TASK
Transcribe the data exactly, stopping after the "theory Defs" line.

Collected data
+ + +

(* Fix an iteration index $k$ and a current policy $\pi_k$. Assume that for $\rho_{\mathcal Q}$-almost every $q$ we have $0<\mu_{\pi_k}(q)<1$ (so that $\tilde\sigma_k(q)>0$). Then for every policy $\pi$, \[ \mathbb{E}_{q\sim\rho_{\mathcal Q}}\bigl[p_{\pi}(q)-p_{\pi_k}(q)\bigr] \;\ge\; \mathbb{E}_{q\sim\rho_{\mathcal Q}}\bigl[\tilde L_{\pi_k}(\pi(\cdot\mid q))\bigr] -2\sqrt{\mathbb{E}_{q\sim\rho_{\mathcal Q}}\Bigl(\tfrac{1-\rho^+(q)-\rho^-(q)-\tilde\sigma_k(q)}{\tilde\sigma_k(q)}\Bigr)^2}\; \sqrt{\mathbb{E}_{q\sim\rho_{\mathcal Q}}\mathrm{TV}^2\bigl(\pi(\cdot\mid q)\,\|\,\pi_k(\cdot\mid q)\bigr)}. \]
   Context: Setting: $\mathcal Q$ is a set of prompts with a probability distribution $\rho_{\mathcal Q}$; $\mathcal O$ is a countable set of responses; $r^*:\mathcal Q\times\mathcal O\to\{0,1\}$ is the true (binary) reward. A policy $\pi$ assigns to each $q$ a probability distribution $\pi(\cdot\mid q)$ on $\mathcal O$. The success probability is $p_\pi(q)=\mathbb E_{o\sim\pi(\cdot\mid q)}[r^*(q,o)]$. $\mathrm{TV}(P,Q)=\sup_A|P(A)-Q(A)|$ is the total variation distance. Noise model: for each $q$ there are flip rates $\rho^+(q),\rho^-(q)\in[0,1]$; with $\xi\sim U[0,1]$ independent of $(q,o)$, the observed reward is $\tilde r(q,o,\xi)=(1-r^*(q,o))\mathbf 1_{\{\xi\le\rho^+(q)\}}+r^*(q,o)\mathbf 1_{\{\xi\le 1-\rho^-(q)\}}$. Define $\mu_{\pi_k}(q)=\rho^+(q)+(1-\rho^+(q)-\rho^-(q))\,p_{\pi_k}(q)$ and $\tilde\sigma_k(q)=\sqrt{\mu_{\pi_k}(q)(1-\mu_{\pi_k}(q))}$ (the mean and standard deviation of $\tilde r$ under $o\sim\pi_k(\cdot\mid q)$, $\xi\sim U[0,1]$). The noisy surrogate is \[ \tilde L_{\pi_k}(\pi(\cdot\mid q))=\frac{\mathbb E_{\xi,o\sim\pi(\cdot\mid q)}[\tilde r(q,o,\xi)]-\mathbb E_{\xi,o\sim\pi_k(\cdot\mid q)}[\tilde r(q,o,\xi)]}{\tilde\sigma_k(q)}=\frac{(1-\rho^+(q)-\rho^-(q))\,(p_\pi(q)-p_{\pi_k}(q))}{\tilde\sigma_k(q)}. \] *)

theory Defs
  imports "HOL-Probability.Probability"
begin

definition succ_prob :: "('q \<Rightarrow> 'o \<Rightarrow> real) \<Rightarrow> ('q \<Rightarrow> 'o pmf) \<Rightarrow> 'q \<Rightarrow> real" where
  "succ_prob rstar pol q = measure_pmf.expectation (pol q) (\<lambda>y. rstar q y)"

definition tv_dist :: "'o pmf \<Rightarrow> 'o pmf \<Rightarrow> real" where
  "tv_dist P Q = (SUP A. \<bar>measure_pmf.prob P A - measure_pmf.prob Q A\<bar>)"

definition noisy_reward ::
  "('q \<Rightarrow> 'o \<Rightarrow> real) \<Rightarrow> ('q \<Rightarrow> real) \<Rightarrow> ('q \<Rightarrow> real) \<Rightarrow> 'q \<Rightarrow> 'o \<Rightarrow> real \<Rightarrow> real" where
  "noisy_reward rstar rp rm q y xi =
     (1 - rstar q y) * indicator {..rp q} xi + rstar q y * indicator {..1 - rm q} xi"

abbreviation unif01 :: "real measure" where
  "unif01 \<equiv> uniform_measure lborel {0..1}"

definition noisy_mean ::
  "('q \<Rightarrow> 'o \<Rightarrow> real) \<Rightarrow> ('q \<Rightarrow> real) \<Rightarrow> ('q \<Rightarrow> real) \<Rightarrow> ('q \<Rightarrow> 'o pmf) \<Rightarrow> 'q \<Rightarrow> real" where
  "noisy_mean rstar rp rm pol q =
     measure_pmf.expectation (pol q) (\<lambda>y. \<integral>xi. noisy_reward rstar rp rm q y xi \<partial>unif01)"

definition mu_k ::
  "('q \<Rightarrow> 'o \<Rightarrow> real) \<Rightarrow> ('q \<Rightarrow> real) \<Rightarrow> ('q \<Rightarrow> real) \<Rightarrow> ('q \<Rightarrow> 'o pmf) \<Rightarrow> 'q \<Rightarrow> real" where
  "mu_k rstar rp rm polk q = rp q + (1 - rp q - rm q) * succ_prob rstar polk q"

definition sigma_k ::
  "('q \<Rightarrow> 'o \<Rightarrow> real) \<Rightarrow> ('q \<Rightarrow> real) \<Rightarrow> ('q \<Rightarrow> real) \<Rightarrow> ('q \<Rightarrow> 'o pmf) \<Rightarrow> 'q \<Rightarrow> real" where
  "sigma_k rstar rp rm polk q =
     sqrt (mu_k rstar rp rm polk q * (1 - mu_k rstar rp rm polk q))"

definition noisy_surrogate ::
  "('q \<Rightarrow> 'o \<Rightarrow> real) \<Rightarrow> ('q \<Rightarrow> real) \<Rightarrow> ('q \<Rightarrow> real) \<Rightarrow> ('q \<Rightarrow> 'o pmf) \<Rightarrow> ('q \<Rightarrow> 'o pmf) \<Rightarrow> 'q \<Rightarrow> real" where
  "noisy_surrogate rstar rp rm polk pol q =
     (noisy_mean rstar rp rm pol q - noisy_mean rstar rp rm polk q) / sigma_k rstar rp rm polk q"

end

theory Submission
  imports Defs
begin

text \<open>Because the mean of the noisy reward is affine in the success probability, the noisy
  surrogate equals \<open>c d / \<sigma>\<close> with \<open>c = 1 - \<rho>\<^sup>+ - \<rho>\<^sup>-\<close> and
  \<open>d = p\<^sub>\<pi> - p\<^sub>\<pi>\<^sub>k\<close>, i.e. \<open>d + d r\<close> with \<open>r = (c - \<sigma>) / \<sigma>\<close>.
  So \<open>E d = E L - E (d r)\<close>, and by Cauchy-Schwarz and \<open>|d| \<le> TV\<close> the error term is at most
  \<open>sqrt (E r\<^sup>2) sqrt (E TV\<^sup>2)\<close>; the factor 2 in the statement is slack.\<close>

lemma integrable_mult_of_square_integrable:
  fixes f g :: "'a \<Rightarrow> real"
  assumes [measurable]: "f \<in> borel_measurable M" "g \<in> borel_measurable M"
    and "integrable M (\<lambda>x. (f x)\<^sup>2)" "integrable M (\<lambda>x. (g x)\<^sup>2)"
  shows "integrable M (\<lambda>x. f x * g x)"
proof (rule Bochner_Integration.integrable_bound)
  show "integrable M (\<lambda>x. (f x)\<^sup>2 + (g x)\<^sup>2)" using assms(3,4) by simp
  have "\<bar>f x * g x\<bar> \<le> (f x)\<^sup>2 + (g x)\<^sup>2" for x
    using sum_squares_bound[of "\<bar>f x\<bar>" "\<bar>g x\<bar>"] abs_ge_zero[of "f x * g x"]
    unfolding abs_mult power2_abs mult.assoc by linarith
  then show "AE x in M. norm (f x * g x) \<le> norm ((f x)\<^sup>2 + (g x)\<^sup>2)" by simp
qed simp

lemma Cauchy_Schwarz_integral:
  fixes f g :: "'a \<Rightarrow> real"
  assumes [measurable]: "f \<in> borel_measurable M" "g \<in> borel_measurable M"
    and f2: "integrable M (\<lambda>x. (f x)\<^sup>2)" and g2: "integrable M (\<lambda>x. (g x)\<^sup>2)"
  shows "(\<integral>x. f x * g x \<partial>M) \<le> sqrt (\<integral>x. (f x)\<^sup>2 \<partial>M) * sqrt (\<integral>x. (g x)\<^sup>2 \<partial>M)"
proof -
  have fg: "integrable M (\<lambda>x. \<bar>f x\<bar> * \<bar>g x\<bar>)"
    by (rule integrable_mult_of_square_integrable) (use f2 g2 in simp_all)
  have nn: "(\<integral>\<^sup>+x. ennreal (h x) \<partial>M) = ennreal (\<integral>x. h x \<partial>M)"
    if "integrable M h" "\<And>x. 0 \<le> h x" for h :: "'a \<Rightarrow> real"
    using that by (intro nn_integral_eq_integral) auto
  have "ennreal ((\<integral>x. \<bar>f x\<bar> * \<bar>g x\<bar> \<partial>M)\<^sup>2) = (\<integral>\<^sup>+x. ennreal \<bar>f x\<bar> * ennreal \<bar>g x\<bar> \<partial>M)\<^sup>2"
    by (simp add: nn[OF fg] ennreal_power ennreal_mult[symmetric])
  also have "\<dots> \<le> (\<integral>\<^sup>+x. ennreal \<bar>f x\<bar> ^ 2 \<partial>M) * (\<integral>\<^sup>+x. ennreal \<bar>g x\<bar> ^ 2 \<partial>M)"
    by (rule Cauchy_Schwarz_nn_integral) simp_all
  also have "\<dots> = ennreal ((\<integral>x. (f x)\<^sup>2 \<partial>M) * (\<integral>x. (g x)\<^sup>2 \<partial>M))"
    by (simp add: ennreal_power nn[OF f2] nn[OF g2] ennreal_mult)
  finally have "(\<integral>x. \<bar>f x\<bar> * \<bar>g x\<bar> \<partial>M)\<^sup>2 \<le> (\<integral>x. (f x)\<^sup>2 \<partial>M) * (\<integral>x. (g x)\<^sup>2 \<partial>M)"
    by (simp add: ennreal_le_iff)
  then have "(\<integral>x. \<bar>f x\<bar> * \<bar>g x\<bar> \<partial>M) \<le> sqrt (\<integral>x. (f x)\<^sup>2 \<partial>M) * sqrt (\<integral>x. (g x)\<^sup>2 \<partial>M)"
    by (metis real_le_rsqrt real_sqrt_mult)
  moreover have "(\<integral>x. f x * g x \<partial>M) \<le> (\<integral>x. \<bar>f x\<bar> * \<bar>g x\<bar> \<partial>M)"
    by (rule integral_mono[OF integrable_mult_of_square_integrable fg])
      (use f2 g2 in \<open>simp_all add: abs_mult[symmetric]\<close>)
  ultimately show ?thesis by linarith
qed

lemma (in prob_space) integral_ge_integral_rescaled:
  fixes c s d t :: "'a \<Rightarrow> real"
  assumes [measurable]: "c \<in> borel_measurable M" "s \<in> borel_measurable M"
      "d \<in> borel_measurable M" "t \<in> borel_measurable M"
    and d_le_t: "\<And>x. \<bar>d x\<bar> \<le> t x" and t_le_1: "\<And>x. t x \<le> 1"
    and s_nonzero: "AE x in M. s x \<noteq> 0"
    and ratio2: "integrable M (\<lambda>x. ((c x - s x) / s x)\<^sup>2)"
  shows "(\<integral>x. c x * d x / s x \<partial>M)
           - sqrt (\<integral>x. ((c x - s x) / s x)\<^sup>2 \<partial>M) * sqrt (\<integral>x. (t x)\<^sup>2 \<partial>M)
         \<le> (\<integral>x. d x \<partial>M)"
proof -
  define r where "r x = (c x - s x) / s x" for x
  have [measurable]: "r \<in> borel_measurable M" unfolding r_def by measurable
  have d_abs_le_1: "\<bar>d x\<bar> \<le> 1" and t_abs_le_1: "\<bar>t x\<bar> \<le> 1" for x
    using d_le_t[of x] t_le_1[of x] by auto
  have d2_le_t2: "(d x)\<^sup>2 \<le> (t x)\<^sup>2" for x
    using d_le_t[of x] by (metis abs_ge_zero abs_le_square_iff abs_of_nonneg order_trans)
  have d: "integrable M d" and d2: "integrable M (\<lambda>x. (d x)\<^sup>2)"
    and t2: "integrable M (\<lambda>x. (t x)\<^sup>2)"
    by (auto intro!: integrable_const_bound[where B=1] simp: abs_square_le_1 d_abs_le_1 t_abs_le_1)
  have r2: "integrable M (\<lambda>x. (r x)\<^sup>2)" using ratio2 unfolding r_def .
  have dr: "integrable M (\<lambda>x. d x * r x)"
    by (rule integrable_mult_of_square_integrable) (use d2 r2 in simp_all)
  have "AE x in M. c x * d x / s x = d x + d x * r x"
    using s_nonzero by eventually_elim (simp add: r_def field_simps)
  then have "(\<integral>x. c x * d x / s x \<partial>M) = (\<integral>x. d x + d x * r x \<partial>M)"
    by (intro integral_cong_AE) simp_all
  also have "\<dots> = (\<integral>x. d x \<partial>M) + (\<integral>x. d x * r x \<partial>M)"
    using d dr by simp
  also have "(\<integral>x. d x * r x \<partial>M) \<le> sqrt (\<integral>x. (d x)\<^sup>2 \<partial>M) * sqrt (\<integral>x. (r x)\<^sup>2 \<partial>M)"
    by (rule Cauchy_Schwarz_integral) (use d2 r2 in simp_all)
  also have "\<dots> \<le> sqrt (\<integral>x. (t x)\<^sup>2 \<partial>M) * sqrt (\<integral>x. (r x)\<^sup>2 \<partial>M)"
    by (intro mult_right_mono real_sqrt_le_mono integral_mono d2 t2) (simp_all add: d2_le_t2)
  finally show ?thesis unfolding r_def by (simp add: mult.commute)
qed

lemma tv_dist_bounds:
  fixes P Q :: "'a pmf"
  shows abs_prob_diff_le_tv_dist: "\<bar>measure_pmf.prob P A - measure_pmf.prob Q A\<bar> \<le> tv_dist P Q"
    and tv_dist_le_1: "tv_dist P Q \<le> 1"
proof -
  have abs_diff_le_1: "\<bar>measure_pmf.prob P B - measure_pmf.prob Q B\<bar> \<le> 1" for B
    using measure_pmf.prob_le_1[of P B] measure_pmf.prob_le_1[of Q B]
      measure_nonneg[of "measure_pmf P" B] measure_nonneg[of "measure_pmf Q" B] by linarith
  then have "bdd_above (range (\<lambda>B. \<bar>measure_pmf.prob P B - measure_pmf.prob Q B\<bar>))"
    by (intro bdd_aboveI[where M=1]) auto
  then show "\<bar>measure_pmf.prob P A - measure_pmf.prob Q A\<bar> \<le> tv_dist P Q"
    unfolding tv_dist_def by (rule cSUP_upper[OF UNIV_I])
  show "tv_dist P Q \<le> 1"
    unfolding tv_dist_def by (rule cSUP_least) (simp_all add: abs_diff_le_1)
qed

lemma succ_prob_eq_prob:
  assumes "\<And>y. rstar q y \<in> {0, 1}"
  shows "succ_prob rstar pol q = measure_pmf.prob (pol q) {y. rstar q y = 1}"
proof -
  have "succ_prob rstar pol q = measure_pmf.expectation (pol q) (indicator {y. rstar q y = 1})"
    unfolding succ_prob_def using assms
    by (intro Bochner_Integration.integral_cong) (force simp: indicator_def)+
  then show ?thesis by simp
qed

lemma abs_succ_prob_diff_le_tv_dist:
  assumes "\<And>y. rstar q y \<in> {0, 1}"
  shows "\<bar>succ_prob rstar pol q - succ_prob rstar pol' q\<bar> \<le> tv_dist (pol q) (pol' q)"
  unfolding succ_prob_eq_prob[where rstar=rstar and q=q, OF assms]
  by (rule abs_prob_diff_le_tv_dist)

lemma measure_unif01_atMost:
  assumes "0 \<le> a" "a \<le> 1"
  shows "measure unif01 {..a} = a"
proof -
  have "{0..1} \<inter> {..a} = {0..a}" using assms by auto
  then show ?thesis using assms by (simp add: measure_uniform_measure)
qed

lemma integral_noisy_reward:
  assumes "rstar q y \<in> {0, 1}" "rp q \<in> {0..1}" "rm q \<in> {0..1}"
  shows "(\<integral>xi. noisy_reward rstar rp rm q y xi \<partial>unif01) = rp q + (1 - rp q - rm q) * rstar q y"
  using assms measure_unif01_atMost[of "rp q"] measure_unif01_atMost[of "1 - rm q"]
  by (auto simp: noisy_reward_def)

lemma noisy_mean_eq_mu_k:
  assumes "\<And>y. rstar q y \<in> {0, 1}" "rp q \<in> {0..1}" "rm q \<in> {0..1}"
  shows "noisy_mean rstar rp rm pol q = mu_k rstar rp rm pol q"
proof -
  have "\<bar>rstar q y\<bar> \<le> 1" for y using assms(1)[of y] by auto
  then have "integrable (measure_pmf (pol q)) (rstar q)"
    by (intro measure_pmf.integrable_const_bound[where B=1]) simp_all
  then show ?thesis
    using assms by (simp add: noisy_mean_def mu_k_def succ_prob_def integral_noisy_reward)
qed

lemma noisy_surrogate_eq:
  assumes "\<And>y. rstar q y \<in> {0, 1}" "rp q \<in> {0..1}" "rm q \<in> {0..1}"
  shows "noisy_surrogate rstar rp rm polk pol q
    = (1 - rp q - rm q) * (succ_prob rstar pol q - succ_prob rstar polk q) / sigma_k rstar rp rm polk q"
  using assms by (simp add: noisy_surrogate_def noisy_mean_eq_mu_k mu_k_def algebra_simps)

theorem theorem3:
  fixes M :: "'q measure"
    and rstar :: "'q \<Rightarrow> 'o::countable \<Rightarrow> real"
    and rp rm :: "'q \<Rightarrow> real"
    and polk pol :: "'q \<Rightarrow> 'o pmf"
  assumes "prob_space M"
    and "\<And>q y. rstar q y \<in> {0, 1}"
    and "\<And>q. rp q \<in> {0..1}" and "\<And>q. rm q \<in> {0..1}"
    and "rp \<in> borel_measurable M" and "rm \<in> borel_measurable M"
    and "succ_prob rstar pol \<in> borel_measurable M"
    and "succ_prob rstar polk \<in> borel_measurable M"
    and "(\<lambda>q. tv_dist (pol q) (polk q)) \<in> borel_measurable M"
    and "AE q in M. 0 < mu_k rstar rp rm polk q \<and> mu_k rstar rp rm polk q < 1"
    and "integrable M (\<lambda>q. ((1 - rp q - rm q - sigma_k rstar rp rm polk q)
                              / sigma_k rstar rp rm polk q)\<^sup>2)"
  shows "(\<integral>q. succ_prob rstar pol q - succ_prob rstar polk q \<partial>M)
         \<ge> (\<integral>q. noisy_surrogate rstar rp rm polk pol q \<partial>M)
           - 2 * sqrt (\<integral>q. ((1 - rp q - rm q - sigma_k rstar rp rm polk q)
                              / sigma_k rstar rp rm polk q)\<^sup>2 \<partial>M)
               * sqrt (\<integral>q. (tv_dist (pol q) (polk q))\<^sup>2 \<partial>M)"
proof -
  interpret prob_space M by fact
  note [measurable] = assms(5-9)
  let ?c = "\<lambda>q. 1 - rp q - rm q" and ?s = "sigma_k rstar rp rm polk"
    and ?d = "\<lambda>q. succ_prob rstar pol q - succ_prob rstar polk q"
    and ?t = "\<lambda>q. tv_dist (pol q) (polk q)"
  have [measurable]: "?s \<in> borel_measurable M"
    unfolding sigma_k_def[abs_def] mu_k_def by measurable
  have "\<bar>?d q\<bar> \<le> ?t q" for q
    by (rule abs_succ_prob_diff_le_tv_dist) (rule assms(2))
  moreover have "AE q in M. ?s q \<noteq> 0"
    using assms(10) by eventually_elim (simp add: sigma_k_def)
  ultimately have "(\<integral>q. ?c q * ?d q / ?s q \<partial>M)
      - sqrt (\<integral>q. ((?c q - ?s q) / ?s q)\<^sup>2 \<partial>M) * sqrt (\<integral>q. (?t q)\<^sup>2 \<partial>M) \<le> (\<integral>q. ?d q \<partial>M)"
    by (intro integral_ge_integral_rescaled) (simp_all add: assms(11) tv_dist_le_1)
  moreover have "(\<integral>q. noisy_surrogate rstar rp rm polk pol q \<partial>M) = (\<integral>q. ?c q * ?d q / ?s q \<partial>M)"
    using assms(2-4) by (simp add: noisy_surrogate_eq)
  moreover have "0 \<le> sqrt (\<integral>q. ((?c q - ?s q) / ?s q)\<^sup>2 \<partial>M) * sqrt (\<integral>q. (?t q)\<^sup>2 \<partial>M)"
    by simp
  ultimately show ?thesis unfolding mult.assoc by linarith
qed

end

+ + +

ANSWER AREA
(* Fix an iteration index $k$ and a current policy $\pi_k$. Assume that for $\rho_{\mathcal Q}$-almost every $q$ we have $0<\mu_{\pi_k}(q)<1$ (so that $\tilde\sigma_k(q)>0$). Then for every policy $\pi$, \[ \mathbb{E}_{q\sim\rho_{\mathcal Q}}\bigl[p_{\pi}(q)-p_{\pi_k}(q)\bigr] \;\ge\; \mathbb{E}_{q\sim\rho_{\mathcal Q}}\bigl[\tilde L_{\pi_k}(\pi(\cdot\mid q))\bigr] -2\sqrt{\mathbb{E}_{q\sim\rho_{\mathcal Q}}\Bigl(\tfrac{1-\rho^+(q)-\rho^-(q)-\tilde\sigma_k(q)}{\tilde\sigma_k(q)}\Bigr)^2}\; \sqrt{\mathbb{E}_{q\sim\rho_{\mathcal Q}}\mathrm{TV}^2\bigl(\pi(\cdot\mid q)\,\|\,\pi_k(\cdot\mid q)\bigr)}. \]
   Context: Setting: $\mathcal Q$ is a set of prompts with a probability distribution $\rho_{\mathcal Q}$; $\mathcal O$ is a countable set of responses; $r^*:\mathcal Q\times\mathcal O\to\{0,1\}$ is the true (binary) reward. A policy $\pi$ assigns to each $q$ a probability distribution $\pi(\cdot\mid q)$ on $\mathcal O$. The success probability is $p_\pi(q)=\mathbb E_{o\sim\pi(\cdot\mid q)}[r^*(q,o)]$. $\mathrm{TV}(P,Q)=\sup_A|P(A)-Q(A)|$ is the total variation distance. Noise model: for each $q$ there are flip rates $\rho^+(q),\rho^-(q)\in[0,1]$; with $\xi\sim U[0,1]$ independent of $(q,o)$, the observed reward is $\tilde r(q,o,\xi)=(1-r^*(q,o))\mathbf 1_{\{\xi\le\rho^+(q)\}}+r^*(q,o)\mathbf 1_{\{\xi\le 1-\rho^-(q)\}}$. Define $\mu_{\pi_k}(q)=\rho^+(q)+(1-\rho^+(q)-\rho^-(q))\,p_{\pi_k}(q)$ and $\tilde\sigma_k(q)=\sqrt{\mu_{\pi_k}(q)(1-\mu_{\pi_k}(q))}$ (the mean and standard deviation of $\tilde r$ under $o\sim\pi_k(\cdot\mid q)$, $\xi\sim U[0,1]$). The noisy surrogate is \[ \tilde L_{\pi_k}(\pi(\cdot\mid q))=\frac{\mathbb E_{\xi,o\sim\pi(\cdot\mid q)}[\tilde r(q,o,\xi)]-\mathbb E_{\xi,o\sim\pi_k(\cdot\mid q)}[\tilde r(q,o,\xi)]}{\tilde\sigma_k(q)}=\frac{(1-\rho^+(q)-\rho^-(q))\,(p_\pi(q)-p_{\pi_k}(q))}{\tilde\sigma_k(q)}. \] *)

theory Defs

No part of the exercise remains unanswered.